Mujer de colores claros, de piel suave y temple de acero

Eugenia De la Rosa Cortés, mi abuela a los 16 años (hacia 1922)
Fotografía: M. Bocconi (Mérida)

De mi abuela guardo mucho más que recuerdos, guardo sabias palabras que a veces utilizo a modo de sortilegio para alejar los malos vientos.

“Hay que bailar la música que suena”, solía decir ella al referirse a los vaivenes de la vida.

No hay día que no la recuerde. Siempre vestida de colores claros y con sus blusas de lunares. Vistió de luto tantos años a lo largo de su vida, y por diferentes circunstancias, que de anciana jamás consintió vestir de oscuro. Nunca la vi de negro, ni de marrón, ni de gris, y lo más sombrío que recuerdo en su armario es una vibrante blusa azul marino salpicada de potentes lunares blancos.

Yo sabía que tenía una abuela especial, pues no sólo ahuyentaba la oscuridad con la luz de su vestuario, además hablaba con acertijos. Y es que sus refranes eran para mí lo más parecido a una adivinanza. En cada dicho se encerraba una pequeña moraleja, una enseñanza, un pequeñísimo cuento, y eso me divertía. Yo no conocía a nadie que hablara como ella. A veces me pregunto si no habría en ese modo de hablar suyo algo curativo, pues hablar con imágenes y metáforas sin duda ayuda a ver las cosas desde otro ángulo, con perspectiva.

A mi abuela le gustaba la música y el baile flamenco. Supongo que por eso el primer regalo que me compró fue una guitarra, una pequeña guitarra que entonces abultaba más que yo y que aun hoy conservo.

Y a la música y al baile van unidos algunos de los recuerdos que de ella guardo con especial cariño. Como por ejemplo cuando veíamos juntas la televisión y ella desde el sillón aplaudía casi saltando a alguna artista diciendo: “Qué orgullosa tiene que estar esa madre de haber parido esa hija”. A mi me asombraba la pasión con que gritaba esas palabras a alguien a quien no conocíamos ni nunca antes habíamos visto bailar. Y es que, ¡ahora me doy cuenta!, mi abuela a lo que gritaba y aplaudía de ese modo tan rotundo era al Arte.
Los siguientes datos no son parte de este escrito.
lemma sum_split_comp_transpose:
  fixes f :: "('a \<Rightarrow> 'b::linorder) \<Rightarrow> 'c::comm_monoid_add"
  assumes P: "finite P"
    and closed: "\<And>p. p \<in> P \<Longrightarrow> p \<circ> Transposition.transpose a b \<in> P"
    and neq: "\<And>p. p \<in> P \<Longrightarrow> p a \<noteq> p b"
  shows "(\<Sum>p\<in>P. f p) = (\<Sum>p\<in>{p\<in>P. p a < p b}. f p + f (p \<circ> Transposition.transpose a b))"
proof -
  define t where "t = Transposition.transpose a b"
  define B where "B = {p\<in>P. p a < p b}"
  have tt: "p \<circ> t \<circ> t = p" for p :: "'a \<Rightarrow> 'b"
    by (simp add: t_def comp_assoc)
  have swapped: "t a = b" "t b = a"
    by (simp_all add: t_def)
  have cover: "P = B \<union> (\<lambda>p. p \<circ> t) ` B"
  proof (intro equalityI subsetI)
    fix p assume p: "p \<in> P"
    show "p \<in> B \<union> (\<lambda>p. p \<circ> t) ` B"
    proof (cases "p a < p b")
      case False
      then have "p \<circ> t \<in> B" using p neq[OF p] closed swapped by (auto simp: B_def t_def)
      then show ?thesis using tt[of p] by (metis UnI2 image_eqI)
    qed (use p in \<open>simp add: B_def\<close>)
  qed (use closed in \<open>auto simp: B_def t_def\<close>)
  have "B \<inter> (\<lambda>p. p \<circ> t) ` B = {}"
    using swapped by (auto simp: B_def)
  moreover have "finite B" using P by (simp add: B_def)
  ultimately have "(\<Sum>p\<in>P. f p) = (\<Sum>p\<in>B. f p) + (\<Sum>p\<in>(\<lambda>p. p \<circ> t) ` B. f p)"
    by (subst cover) (simp add: sum.union_disjoint)
  also have "(\<Sum>p\<in>(\<lambda>p. p \<circ> t) ` B. f p) = (\<Sum>p\<in>B. f (p \<circ> t))"
    by (rule sum.reindex_cong[of "\<lambda>p. p \<circ> t"]) (auto intro!: inj_onI dest: arg_cong[of _ _ "\<lambda>p. p \<circ> t"] simp: tt)
  finally show ?thesis
    by (simp add: B_def t_def sum.distrib)
qed

definition perms_ordered_upto :: "nat \<Rightarrow> nat \<Rightarrow> (nat \<Rightarrow> nat) set" where
  "perms_ordered_upto n k = {p. p permutes {1..2*n} \<and> (\<forall>i\<in>{1..k}. p (2*i-1) < p (2*i))}"

definition pair_minor :: "(nat \<Rightarrow> nat \<Rightarrow> 'a::comm_ring) \<Rightarrow> (nat \<Rightarrow> nat) \<Rightarrow> nat \<Rightarrow> 'a" where
  "pair_minor A p i = A (p (2*i-1)) (2*i-1) * A (p (2*i)) (2*i) - A (p (2*i)) (2*i-1) * A (p (2*i-1)) (2*i)"

(* Interpolates between the Leibniz term (k = 0) and the pair-minor term (k = n). *)
definition pair_factor :: "nat \<Rightarrow> (nat \<Rightarrow> nat \<Rightarrow> 'a::comm_ring) \<Rightarrow> (nat \<Rightarrow> nat) \<Rightarrow> nat \<Rightarrow> 'a" where
  "pair_factor k A p i =
    (if i \<le> k then pair_minor A p i else A (p (2*i-1)) (2*i-1) * A (p (2*i)) (2*i))"

lemma pair_factor_comp_fixing:
  assumes "t (2*i-1) = 2*i-1" "t (2*i) = 2*i"
  shows "pair_factor k A (p \<circ> t) i = pair_factor k A p i"
  using assms by (simp add: pair_factor_def pair_minor_def)

lemma sign_pair_factor_transpose:
  fixes A :: "nat \<Rightarrow> nat \<Rightarrow> 'a::comm_ring_1"
  assumes k: "k < n" and p: "p permutes {1..2*n}"
  defines "t \<equiv> Transposition.transpose (2*k+1) (2*k+2)"
  shows "of_int (sign p) * (\<Prod>i\<in>{1..n}. pair_factor k A p i)
      + of_int (sign (p \<circ> t)) * (\<Prod>i\<in>{1..n}. pair_factor k A (p \<circ> t) i)
    = of_int (sign p) * (\<Prod>i\<in>{1..n}. pair_factor (Suc k) A p i)"
proof -
  have "t permutes {1..2*n}"
    using k unfolding t_def by (intro permutes_swap_id) auto
  with p have "permutation p" "permutation t"
    by (meson finite_atLeastAtMost permutation_permutes)+
  then have sign: "sign (p \<circ> t) = - sign p"
    by (simp add: sign_compose t_def sign_swap_id)
  define R where "R = (\<Prod>i\<in>{1..n}-{Suc k}. pair_factor k A p i)"
  have Sk: "Suc k \<in> {1..n}" using k by auto
  have split: "(\<Prod>i\<in>{1..n}. f i) = f (Suc k) * (\<Prod>i\<in>{1..n}-{Suc k}. f i)" for f :: "nat \<Rightarrow> 'a"
    by (rule prod.remove[OF _ Sk]) simp
  have "t (2*i-1) = 2*i-1" "t (2*i) = 2*i" if "1 \<le> i" "i \<noteq> Suc k" for i
    using that by (auto simp: t_def transpose_def)
  then have rest_t: "(\<Prod>i\<in>{1..n}-{Suc k}. pair_factor k A (p \<circ> t) i) = R"
    unfolding R_def by (intro prod.cong refl pair_factor_comp_fixing) auto
  have rest_Suc: "(\<Prod>i\<in>{1..n}-{Suc k}. pair_factor (Suc k) A p i) = R"
    unfolding R_def by (intro prod.cong refl) (auto simp: pair_factor_def)
  have head: "pair_factor k A p (Suc k) = A (p (2*k+1)) (2*k+1) * A (p (2*k+2)) (2*k+2)"
    "pair_factor k A (p \<circ> t) (Suc k) = A (p (2*k+2)) (2*k+1) * A (p (2*k+1)) (2*k+2)"
    "pair_factor (Suc k) A p (Suc k) = pair_minor A p (Suc k)"
    by (simp_all add: pair_factor_def t_def)
  show ?thesis
    unfolding split[of "pair_factor _ A _"] rest_t rest_Suc R_def[symmetric] head sign
    by (simp add: pair_minor_def algebra_simps)
qed

lemma sum_sign_pair_factor_Suc:
  fixes A :: "nat \<Rightarrow> nat \<Rightarrow> 'a::comm_ring_1"
  assumes k: "k < n"
  shows "(\<Sum>p\<in>perms_ordered_upto n k. of_int (sign p) * (\<Prod>i\<in>{1..n}. pair_factor k A p i))
    = (\<Sum>p\<in>perms_ordered_upto n (Suc k). of_int (sign p) * (\<Prod>i\<in>{1..n}. pair_factor (Suc k) A p i))"
proof -
  define t where "t = Transposition.transpose (2*k+1) (2*k+2)"
  have t_fix: "t (2*i-1) = 2*i-1" "t (2*i) = 2*i" if "i \<in> {1..k}" for i
    using that by (auto simp: t_def transpose_def)
  have t_perm: "t permutes {1..2*n}"
    using k unfolding t_def by (intro permutes_swap_id) auto
  have finite: "finite (perms_ordered_upto n k)"
    by (rule finite_subset[OF _ finite_permutations[of "{1..2*n}"]]) (auto simp: perms_ordered_upto_def)
  have closed: "p \<circ> t \<in> perms_ordered_upto n k" if "p \<in> perms_ordered_upto n k" for p
    using that t_fix permutes_compose[OF t_perm] by (auto simp: perms_ordered_upto_def)
  have neq: "p (2*k+1) \<noteq> p (2*k+2)" if "p \<in> perms_ordered_upto n k" for p
  proof -
    have "inj p" using that by (auto simp: perms_ordered_upto_def intro: permutes_inj)
    then show ?thesis by (simp add: inj_eq)
  qed
  have "{1..Suc k} = insert (Suc k) {1..k}" by auto
  then have ordered: "{p \<in> perms_ordered_upto n k. p (2*k+1) < p (2*k+2)} = perms_ordered_upto n (Suc k)"
    by (auto simp: perms_ordered_upto_def)
  have "(\<Sum>p\<in>perms_ordered_upto n k. of_int (sign p) * (\<Prod>i\<in>{1..n}. pair_factor k A p i))
      = (\<Sum>p\<in>{p \<in> perms_ordered_upto n k. p (2*k+1) < p (2*k+2)}.
          of_int (sign p) * (\<Prod>i\<in>{1..n}. pair_factor k A p i)
          + of_int (sign (p \<circ> t)) * (\<Prod>i\<in>{1..n}. pair_factor k A (p \<circ> t) i))"
    unfolding t_def using closed neq by (intro sum_split_comp_transpose[OF finite]) (simp_all add: t_def)
  also have "\<dots> = (\<Sum>p\<in>perms_ordered_upto n (Suc k). of_int (sign p) * (\<Prod>i\<in>{1..n}. pair_factor (Suc k) A p i))"
    unfolding ordered t_def using k
    by (intro sum.cong refl sign_pair_factor_transpose) (simp_all add: perms_ordered_upto_def)
  finally show ?thesis .
qed

lemma det_on_pair_minors:
  "det_on (2*n) A = (\<Sum>p\<in>E2n n. of_int (sign p) * (\<Prod>i\<in>{1..n}. pair_minor A p i))"
proof -
  have expansion: "(\<Sum>p\<in>perms_ordered_upto n k. of_int (sign p) * (\<Prod>i\<in>{1..n}. pair_factor k A p i))
      = det_on (2*n) A" if "k \<le> n" for k
    using that
  proof (induction k)
    case 0
    have "perms_ordered_upto n 0 = {p. p permutes {1..2*n}}"
      by (simp add: perms_ordered_upto_def)
    then show ?case
      unfolding det_on_columns prod_atLeastAtMost_pairs by (simp add: pair_factor_def)
  next
    case (Suc k)
    then show ?case using sum_sign_pair_factor_Suc[of k n A] by simp
  qed
  moreover have "perms_ordered_upto n n = E2n n"
    by (simp add: perms_ordered_upto_def E2n_def)
  moreover have "(\<Prod>i\<in>{1..n}. pair_factor n A p i) = (\<Prod>i\<in>{1..n}. pair_minor A p i)" for p
    by (intro prod.cong refl) (simp add: pair_factor_def)
  ultimately show ?thesis
    using expansion[of n] by simp
qed

lemma finite_E2n: "finite (E2n n)"
  by (rule finite_subset[OF _ finite_permutations[of "{1..2*n}"]]) (auto simp: E2n_def)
No hay día que no la recuerde, y hoy, que hace 25 años que se fue y que este blog cumple 3 meses de vida, su memoria es aun más viva. Pienso muchas veces que mujeres como mi abuela y las mujeres de su tiempo ya no nacen, no al menos en esta parte del planeta. Mujeres a las que la vida se lo puso bien difícil desde niñas, que vivieron las tragedias y miserias de una guerra, y que como mi abuela hicieron bandera de su condición de mujer en la durísima España de los años 30. Heroínas que supieron llegar al final de sus días con la luz y la sonrisa en el rostro a pesar de la dura travesía, son sin duda el ejemplo a seguir.

Mujer de colores claros, de piel suave y temple de acero. Una mujer así era mi abuela, una belleza y un motor de inspiración. A ella va dedicado también este blog.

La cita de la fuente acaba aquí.